**Exercise:** Below are some records. Say how many of their lines include the string "bool", giving only the number.

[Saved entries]

***

(* Let $\psi$ be a reduced function. Then $w_\psi$ is periodic if and only if $\psi(n)=n-1$ for every sufficiently large integer $n$.
   Context: $\mathcal{A}$ is an alphabet disjoint from $\mathbb{N}^*=\{1,2,\dots\}$. A function is a map $\psi:\mathbb{N}^*\to\mathbb{N}^*\sqcup\mathcal{A}$ such that for every $n\ge1$ either $\psi(n)\in\mathcal{A}$ or $1\le\psi(n)\le n-1$. Associated words: $\pi_1=\varepsilon$ and, for $i\ge1$: if $\psi(i)\in\mathcal{A}$, $\pi_{i+1}=\pi_i\psi(i)\pi_i$; if $\psi(i)\in\mathbb{N}^*$, writing $\pi_i=\pi_{\psi(i)}b_i$ (where $\pi_{\psi(i)}$ is a prefix of $\pi_i$), $\pi_{i+1}=\pi_ib_i$. Each $\pi_i$ is a proper prefix of $\pi_{i+1}$, and $w_\psi$ is the infinite word having all $\pi_i$ as prefixes. Let $(t_k)_{k\ge0}$ be the (finite or infinite) family, in increasing order, of all $n\ge1$ with $\psi(n)\in\mathcal{A}$ or $1\le\psi(n)\le n-2$. $\psi$ is reduced if for every $k\ge1$ such that $t_k$ exists: $\psi(t_k)\ne\psi(t_{k-1})$, and either $\psi(t_k)\in\mathcal{A}$ or $\psi(t_k)<t_{k-1}$. *)

theory Defs
  imports Main
begin

(* A "function" psi : N* -> N* + A is modelled as psi :: nat => 'a + nat,
   with Inl a for a letter of the alphabet 'a and Inr k for a positive integer k.
   The value psi 0 is irrelevant. *)

definition is_function :: "(nat \<Rightarrow> 'a + nat) \<Rightarrow> bool" where
  "is_function psi \<longleftrightarrow>
     (\<forall>n\<ge>1. case psi n of Inl _ \<Rightarrow> True | Inr k \<Rightarrow> 1 \<le> k \<and> k \<le> n - 1)"

(* pis psi m = [pi_1, ..., pi_(m+1)] *)
primrec pis :: "(nat \<Rightarrow> 'a + nat) \<Rightarrow> nat \<Rightarrow> 'a list list" where
  "pis psi 0 = [[]]"
| "pis psi (Suc m) =
     (let L = pis psi m; p = last L
      in L @ [case psi (Suc m) of
                Inl a \<Rightarrow> p @ [a] @ p
              | Inr k \<Rightarrow> p @ drop (length (L ! (k - 1))) p])"

definition assoc_word :: "(nat \<Rightarrow> 'a + nat) \<Rightarrow> nat \<Rightarrow> 'a list" where
  "assoc_word psi i = last (pis psi (i - 1))"

definition w_psi :: "(nat \<Rightarrow> 'a + nat) \<Rightarrow> nat \<Rightarrow> 'a" where
  "w_psi psi = (THE w. \<forall>i\<ge>1. \<forall>j<length (assoc_word psi i). w j = assoc_word psi i ! j)"

(* the set of all t_k *)
definition tset :: "(nat \<Rightarrow> 'a + nat) \<Rightarrow> nat set" where
  "tset psi = {n. n \<ge> 1 \<and> (case psi n of Inl _ \<Rightarrow> True | Inr k \<Rightarrow> 1 \<le> k \<and> k + 2 \<le> n)}"

(* reduced: for consecutive elements t_{k-1} = m < n = t_k of the family *)
definition reduced :: "(nat \<Rightarrow> 'a + nat) \<Rightarrow> bool" where
  "reduced psi \<longleftrightarrow>
     (\<forall>m n. m \<in> tset psi \<and> n \<in> tset psi \<and> m < n \<and> (\<forall>l. m < l \<and> l < n \<longrightarrow> l \<notin> tset psi)
        \<longrightarrow> psi n \<noteq> psi m \<and>
            (case psi n of Inl _ \<Rightarrow> True | Inr k \<Rightarrow> k < m))"

definition periodic_word :: "(nat \<Rightarrow> 'a) \<Rightarrow> bool" where
  "periodic_word w \<longleftrightarrow> (\<exists>p>0. \<forall>n. w (n + p) = w n)"

end

theory Submission
  imports Defs
begin

(* Each pi_i is a palindrome, so pi_(i+1) has the period gap i = |pi_(i+1)| - |pi_i|. The gaps
   never decrease, are unchanged at every n with psi n = n - 1 and grow strictly at every t_k.
   If psi n = n - 1 for all large n, the final constant gap is therefore a period of all of w_psi.
   Conversely, for reduced psi the pi_i are the only palindromic prefixes of w_psi: a palindromic
   prefix strictly between pi_n and pi_(n+1) is reflected in |pi_n| to some pi_j, and comparing the
   resulting periods of pi_n with the previous t_k contradicts reducedness. Hence gap i is the
   least period of pi_(i+1), a period of w_psi bounds every gap, and there are only finitely
   many t_k. *)

section \<open>Palindromic prefixes and periods\<close>

definition pal_prefix :: "(nat \<Rightarrow> 'b) \<Rightarrow> nat \<Rightarrow> bool" where
  "pal_prefix w l \<longleftrightarrow> (\<forall>x<l. w x = w (l - 1 - x))"

definition prefix_period :: "(nat \<Rightarrow> 'b) \<Rightarrow> nat \<Rightarrow> nat \<Rightarrow> bool" where
  "prefix_period w l q \<longleftrightarrow> (\<forall>x. x + q < l \<longrightarrow> w x = w (x + q))"

lemma pal_prefixD: "pal_prefix w l \<Longrightarrow> x < l \<Longrightarrow> w x = w (l - 1 - x)"
  unfolding pal_prefix_def by blast

lemma prefix_periodD: "prefix_period w l q \<Longrightarrow> x + q < l \<Longrightarrow> w x = w (x + q)"
  unfolding prefix_period_def by blast

lemma prefix_period_antimono: "prefix_period w b q \<Longrightarrow> a \<le> b \<Longrightarrow> prefix_period w a q"
  unfolding prefix_period_def by auto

***

**Answer for the task:** 5